# [WORK ORDER]
Transcribe every record exactly as it appears.

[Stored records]
(* Let $P$ be a poset with an $\mathbb{R}$-action $\Lambda$, and let $V,W$ be interval-decomposable pfd $P$-persistence modules. If, for some $\epsilon\ge0$, there exists a $\Lambda_\epsilon$-matching between $\mathscr{B}(V)$ and $\mathscr{B}(W)$, then this same partial matching is a bottleneck $\Lambda_\epsilon$-interleaving between $V$ and $W$. Consequently, $$d^\Lambda_{\mathrm{BI}}(V,W)\le d^\Lambda_{\mathrm B}(\mathscr{B}(V),\mathscr{B}(W)).$$
   Context: Let $k$ be a field. A $P$-persistence module is a functor from the poset $P$ (as a category) to $k$-vector spaces; it is pfd if every space is finite-dimensional. An interval of $P$ is a nonempty convex and connected subset (convex: $p,q\in I$, $p\le r\le q$ imply $r\in I$; connected: any two elements are joined by a finite sequence in $I$ with consecutive ones comparable). The interval module $k_I$ is $k$ on $I$ and $0$ elsewhere, with identity maps within $I$ and zero maps otherwise. Every pfd module decomposes uniquely (up to isomorphism and permutation) into indecomposables; $\mathscr{B}(V)$ is the multiset of these summands. $V$ is interval-decomposable if all summands are interval modules; $\mathscr{B}(V)$ is then identified with a multiset of intervals. An $\mathbb{R}$-action on $P$ is a family $\{\Lambda_\epsilon\}_{\epsilon\ge0}$ of poset automorphisms with $p\le\Lambda_\epsilon(p)$, $\Lambda_0=\mathrm{id}$ and $\Lambda_\epsilon\Lambda_\zeta=\Lambda_{\epsilon+\zeta}$. Shifts and interleavings: - $V(\epsilon)_p=V_{\Lambda_\epsilon p}$ and $V(\epsilon)(p,q)=V(\Lambda_\epsilon p,\Lambda_\epsilon q)$; for a morphism $\phi$, $\phi(\epsilon)$ has components $\phi_{\Lambda_\epsilon p}$; - $V_{0\to\epsilon}\colon V\to V(\epsilon)$ has components $V(p,\Lambda_\epsilon p)$; - a $\Lambda_\epsilon$-interleaving is a pair $\alpha\colon V\to W(\epsilon)$, $\beta\colon W\to V(\epsilon)$ with $\beta(\epsilon)\alpha=V_{0\to2\epsilon}$ and $\alpha(\epsilon)\beta=W_{0\to2\epsilon}$; - $V$ is $\Lambda_\epsilon$-trivial if $V_{0\to\epsilon}=0$. For $A\subseteq P$ nonempty, $A^\uparrow=\{p:\exists a\in A,\ a\le p\}$ and $A^\downarrow=\{p:\exists a\in A,\ p\le a\}$; $\emptyset^\uparrow=\emptyset^\downarrow=P$. Set $\mathrm{Ex}^\Lambda_\epsilon(A)=\Lambda_\epsilon^{-1}(A)^\uparrow\cap\Lambda_\epsilon(A)^\downarrow$, with $\Lambda_\epsilon^{-1}(A)$ the preimage. A $\Lambda_\epsilon$-matching between multisets of intervals $\mathscr{A},\mathscr{C}$ is a bijection $\sigma$ between submultisets such that: - every unmatched interval $I$ has $k_I$ $\Lambda_{2\epsilon}$-trivial; - $\sigma(I)=J$ implies $I\subseteq\mathrm{Ex}^\Lambda_\epsilon(J)$ and $J\subseteq\mathrm{Ex}^\Lambda_\epsilon(I)$. A bottleneck $\Lambda_\epsilon$-interleaving between $V$ and $W$ is a bijection $\sigma$ between submultisets of $\mathscr{B}(V)$ and $\mathscr{B}(W)$ such that: - all unmatched summands are $\Lambda_{2\epsilon}$-trivial; - each $M$ and $\sigma(M)$ are $\Lambda_\epsilon$-interleaved. $d^\Lambda_{\mathrm{BI}}$ and $d^\Lambda_{\mathrm B}$ are the infima of $\epsilon\ge0$ admitting a bottleneck $\Lambda_\epsilon$-interleaving, resp. a $\Lambda_\epsilon$-matching ($\inf\emptyset=+\infty$). *)

theory Defs
  imports "Jordan_Normal_Form.Matrix" "HOL-Library.Extended_Real"
begin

# [RESULT FOR THIS EXERCISE]
(* Let $P$ be a poset with an $\mathbb{R}$-action $\Lambda$, and let $V,W$ be interval-decomposable pfd $P$-persistence modules. If, for some $\epsilon\ge0$, there exists a $\Lambda_\epsilon$-matching between $\mathscr{B}(V)$ and $\mathscr{B}(W)$, then this same partial matching is a bottleneck $\Lambda_\epsilon$-interleaving between $V$ and $W$. Consequently, $$d^\Lambda_{\mathrm{BI}}(V,W)\le d^\Lambda_{\mathrm B}(\mathscr{B}(V),\mathscr{B}(W)).$$
   Context: Let $k$ be a field. A $P$-persistence module is a functor from the poset $P$ (as a category) to $k$-vector spaces; it is pfd if every space is finite-dimensional. An interval of $P$ is a nonempty convex and connected subset (convex: $p,q\in I$, $p\le r\le q$ imply $r\in I$; connected: any two elements are joined by a finite sequence in $I$ with consecutive ones comparable). The interval module $k_I$ is $k$ on $I$ and $0$ elsewhere, with identity maps within $I$ and zero maps otherwise. Every pfd module decomposes uniquely (up to isomorphism and permutation) into indecomposables; $\mathscr{B}(V)$ is the multiset of these summands. $V$ is interval-decomposable if all summands are interval modules; $\mathscr{B}(V)$ is then identified with a multiset of intervals. An $\mathbb{R}$-action on $P$ is a family $\{\Lambda_\epsilon\}_{\epsilon\ge0}$ of poset automorphisms with $p\le\Lambda_\epsilon(p)$, $\Lambda_0=\mathrm{id}$ and $\Lambda_\epsilon\Lambda_\zeta=\Lambda_{\epsilon+\zeta}$. Shifts and interleavings: - $V(\epsilon)_p=V_{\Lambda_\epsilon p}$ and $V(\epsilon)(p,q)=V(\Lambda_\epsilon p,\Lambda_\epsilon q)$; for a morphism $\phi$, $\phi(\epsilon)$ has components $\phi_{\Lambda_\epsilon p}$; - $V_{0\to\epsilon}\colon V\to V(\epsilon)$ has components $V(p,\Lambda_\epsilon p)$; - a $\Lambda_\epsilon$-interleaving is a pair $\alpha\colon V\to W(\epsilon)$, $\beta\colon W\to V(\epsilon)$ with $\beta(\epsilon)\alpha=V_{0\to2\epsilon}$ and $\alpha(\epsilon)\beta=W_{0\to2\epsilon}$; - $V$ is $\Lambda_\epsilon$-trivial if $V_{0\to\epsilon}=0$. For $A\subseteq P$ nonempty, $A^\uparrow=\{p:\exists a\in A,\ a\le p\}$ and $A^\downarrow=\{p:\exists a\in A,\ p\le a\}$; $\emptyset^\uparrow=\emptyset^\downarrow=P$. Set $\mathrm{Ex}^\Lambda_\epsilon(A)=\Lambda_\epsilon^{-1}(A)^\uparrow\cap\Lambda_\epsilon(A)^\downarrow$, with $\Lambda_\epsilon^{-1}(A)$ the preimage. A $\Lambda_\epsilon$-matching between multisets of intervals $\mathscr{A},\mathscr{C}$ is a bijection $\sigma$ between submultisets such that: - every unmatched interval $I$ has $k_I$ $\Lambda_{2\epsilon}$-trivial; - $\sigma(I)=J$ implies $I\subseteq\mathrm{Ex}^\Lambda_\epsilon(J)$ and $J\subseteq\mathrm{Ex}^\Lambda_\epsilon(I)$. A bottleneck $\Lambda_\epsilon$-interleaving between $V$ and $W$ is a bijection $\sigma$ between submultisets of $\mathscr{B}(V)$ and $\mathscr{B}(W)$ such that: - all unmatched summands are $\Lambda_{2\epsilon}$-trivial; - each $M$ and $\sigma(M)$ are $\Lambda_\epsilon$-interleaved. $d^\Lambda_{\mathrm{BI}}$ and $d^\Lambda_{\mathrm B}$ are the infima of $\epsilon\ge0$ admitting a bottleneck $\Lambda_\epsilon$-interleaving, resp. a $\Lambda_\epsilon$-matching ($\inf\emptyset=+\infty$). *)

theory Defs
  imports "Jordan_Normal_Form.Matrix" "HOL-Library.Extended_Real"
begin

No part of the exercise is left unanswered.